James Allen
The more tranquil a man becomes, the greater is his success, his influence, his power for good. Calmness of mind is one of the beautiful jewels of wisdom.
  – James Allen

So much of the time we have knee-jerk reactions to what happens to us. Especially when an event is particularly jolting or harsh. We hear things like “It’s natural to lash out at someone who has hurt you”, or “I couldn’t help it, I just reacted.”

What goes on inside of us as we walk through every day? That is what will determine our reactions to people and situations as they “come at us”.

Remember Reginald Denny? He was the truck driver that was pulled from his truck and nearly beaten to death during the Los Angeles riots in 1992. His skull was fractured in 91 places. It’s a most horrific story. Mr. Denny had no idea what was going on because the truck he was driving had no radio and he was unaware that he was driving right into the middle of a full-scale riot.

In 1993 after the trial of his assailants he appeared on the Phil Donahue Show to publicly forgive all of them. He hugged the mother of Henry Keith Watson, one of the men who had beaten him and told the audience that he had forgiven them. I remember how uncomfortable Henry Keith Watson looked sitting on stage with Reginald Denny.

You would think that the audience would have applauded Mr. Denny’s overture, but they didn’t. Not really. Several audience members stood up and wanted to know if the beating had addled his brain to a point that he just didn’t know what had happened.

He just kept saying that he “had” to forgive because he was a Christian, and he was charged with the duty to do so. He was soft and kind, the audience was loud and angry.

What made Reginald Denny different? It wasn’t the fact that he is a Christian. The members of the audience that chastised him said they were Christians. The difference is what goes on inside the individual.

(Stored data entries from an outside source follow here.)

(* Let $(M,F)$ be a conic pseudo-Riemannian surface and $\overline F=e^\phi F$ an anisotropic conformal change such that $\overline F$ is Berwald. Then the Berwald connection of $\overline F$ coincides with the Levi-Civita (Berwald) connection of $F$, i.e. $\overline G^i_{jk}=G^i_{jk}$ ($\overline F$ is Riemann metrizable by $F$), if and only if $\phi_{,1}=\phi_{,2}=0$.
   Context: Throughout, $M$ is a smooth $2$-dimensional manifold, $TM_0$ its slit tangent bundle with induced local coordinates $(x^i,y^i)$, $\partial_i=\partial/\partial x^i$, $\dot\partial_i=\partial/\partial y^i$. A function is called $h(r)$ if it is positively homogeneous of degree $r$ in $y$. A conic pseudo-Finsler surface $(M,F)$ consists of a conic subbundle $\mathcal A\subset TM_0$ (an open set invariant under $y\mapsto\lambda y$, $\lambda>0$, projecting onto $M$) and a smooth $h(1)$ function $F:\mathcal A\to\mathbb R$ such that $g_{ij}=\frac12\dot\partial_i\dot\partial_jF^2$ is nondegenerate. Put $\ell_i=\dot\partial_iF$, $\ell^i=y^i/F$. Modified Berwald frame: $\varepsilon\in\{1,-1\}$ and a covector $m_i$ satisfy $g_{ij}=\ell_i\ell_j+\varepsilon m_im_j$, $m^i=g^{ij}m_j$. The geodesic spray of $F$ is $S=y^i\partial_i-2G^i\dot\partial_i$; $G^i_j=\dot\partial_jG^i$, $G^i_{jk}=\dot\partial_kG^i_j$ (Berwald connection), $\delta_i=\partial_i-G^j_i\dot\partial_j$. For a smooth function $f$: $f_{,1}=\ell^i\delta_if$, $f_{,2}=\varepsilon m^i\delta_if$. $F$ is (conic pseudo-)Riemannian if $F^2$ is quadratic in $y$. Anisotropic conformal change: $\phi$ is a smooth $h(0)$ function on $\mathcal A$ with $F^2(\dot\partial_i\dot\partial_j\phi+\dot\partial_i\phi\,\dot\partial_j\phi)m^im^j+\varepsilon\ne0$, and $\overline F=e^{\phi}F$, with spray coefficients $\overline G^i$ and Berwald connection $\overline G^i_{jk}=\dot\partial_j\dot\partial_k\overline G^i$. $\overline F$ is Berwald iff the $\overline G^i$ are quadratic in $y$. *)

theory Defs
  imports "HOL-Analysis.Analysis"
begin

text \<open>Local-coordinate rendering. A point of TM is a pair (x,y) of real^2 vectors;
  indices range over the 2-element type 2.\<close>

type_synonym pt = "(real^2) \<times> (real^2)"

fun iter_pd :: "pt list \<Rightarrow> (pt \<Rightarrow> real) \<Rightarrow> pt \<Rightarrow> real" where
  "iter_pd [] f = f"
| "iter_pd (v # vs) f = (\<lambda>p. frechet_derivative (iter_pd vs f) (at p) v)"

definition smooth_on :: "pt set \<Rightarrow> (pt \<Rightarrow> real) \<Rightarrow> bool" where
  "smooth_on A f \<longleftrightarrow> (\<forall>vs. \<forall>p\<in>A. iter_pd vs f differentiable (at p))"

text \<open>Partial derivatives: dX i = \<partial>_i (w.r.t. x^i), dY i = dot-\<partial>_i (w.r.t. y^i).\<close>
definition dX :: "2 \<Rightarrow> (pt \<Rightarrow> real) \<Rightarrow> pt \<Rightarrow> real" where
  "dX i f p = frechet_derivative f (at p) (axis i 1, 0)"

definition dY :: "2 \<Rightarrow> (pt \<Rightarrow> real) \<Rightarrow> pt \<Rightarrow> real" where
  "dY i f p = frechet_derivative f (at p) (0, axis i 1)"

text \<open>Conic subbundle of TM_0 over the chart domain M = fst ` A.\<close>
definition conic_subbundle :: "pt set \<Rightarrow> bool" where
  "conic_subbundle A \<longleftrightarrow> open A \<and> (\<forall>(x,y)\<in>A. y \<noteq> 0)
     \<and> (\<forall>(x,y)\<in>A. \<forall>t::real. t > 0 \<longrightarrow> (x, t *\<^sub>R y) \<in> A)"

definition homog_on :: "pt set \<Rightarrow> nat \<Rightarrow> (pt \<Rightarrow> real) \<Rightarrow> bool" where
  "homog_on A r f \<longleftrightarrow> (\<forall>(x,y)\<in>A. \<forall>t::real. t > 0 \<longrightarrow> f (x, t *\<^sub>R y) = t ^ r * f (x, y))"

definition gmat :: "(pt \<Rightarrow> real) \<Rightarrow> pt \<Rightarrow> real^2^2" where
  "gmat F p = (\<chi> i j. dY i (dY j (\<lambda>q. (F q)^2)) p / 2)"

definition ginv :: "(pt \<Rightarrow> real) \<Rightarrow> pt \<Rightarrow> real^2^2" where
  "ginv F p = matrix_inv (gmat F p)"

definition pseudo_finsler :: "pt set \<Rightarrow> (pt \<Rightarrow> real) \<Rightarrow> bool" where
  "pseudo_finsler A F \<longleftrightarrow> conic_subbundle A \<and> smooth_on A F \<and> homog_on A 1 F
     \<and> (\<forall>p\<in>A. F p \<noteq> 0) \<and> (\<forall>p\<in>A. det (gmat F p) \<noteq> 0)"

definition pseudo_riemannian :: "pt set \<Rightarrow> (pt \<Rightarrow> real) \<Rightarrow> bool" where
  "pseudo_riemannian A F \<longleftrightarrow> (\<exists>a :: real^2 \<Rightarrow> real^2^2. \<forall>(x,y)\<in>A.
      (F (x,y))^2 = (\<Sum>i\<in>UNIV. \<Sum>j\<in>UNIV. a x $ i $ j * y $ i * y $ j))"

definition spray :: "(pt \<Rightarrow> real) \<Rightarrow> 2 \<Rightarrow> pt \<Rightarrow> real" where
  "spray F i p = (1/4) * (\<Sum>l\<in>UNIV. ginv F p $ i $ l *
      ((\<Sum>k\<in>UNIV. snd p $ k * dX k (dY l (\<lambda>q. (F q)^2)) p) - dX l (\<lambda>q. (F q)^2) p))"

We pay a lot of attention to our outside world and very little to our inside world…and folks, it’s the inside world that determines the outside world.

In his book “How To Meditate” Lawrence LeShan says “If our bodies were as undisciplined as our minds, we’d never make it across the street alive.”

Control your mind…control your world. That doesn’t mean everything will suddenly be rosy. It means you’ll be able to wade through life’s challenges with more grace and less stress. It also means that things will be clearer. There won’t be so much angst. Decisions come easier and you feel that you “know” what is right.

This will mitigate the knee-jerk reactions that usually make things worse and erect walls between us and our brothers and sisters on the path.

It’s up to the individual to find a path that lends itself to peace and happiness. And it does have to be sought. The outside world is loud and gross. I mean the word “gross” in terms of solidity. You can touch it with your fingers, smell it, hear it etc. So it gets all the attention. It’s the squeaky wheel.

The inside world is gentle and quiet. It waits for your attention. But unlike a flower that dies without water, the center of our being never dies. We can construct all manner of junk on and around it, but it’s still there. You can seek it out at any time. How about now?

What’s your plan, meditation, prayer, mindfulness? What inspires your greatness?

The outside world can wait for a few minutes a day…and it will still be there, I assure you.

There’s a grand and glorious landscape inside of you, and you know what comes next…You must cultivate it, fertilize it, and love it deeply.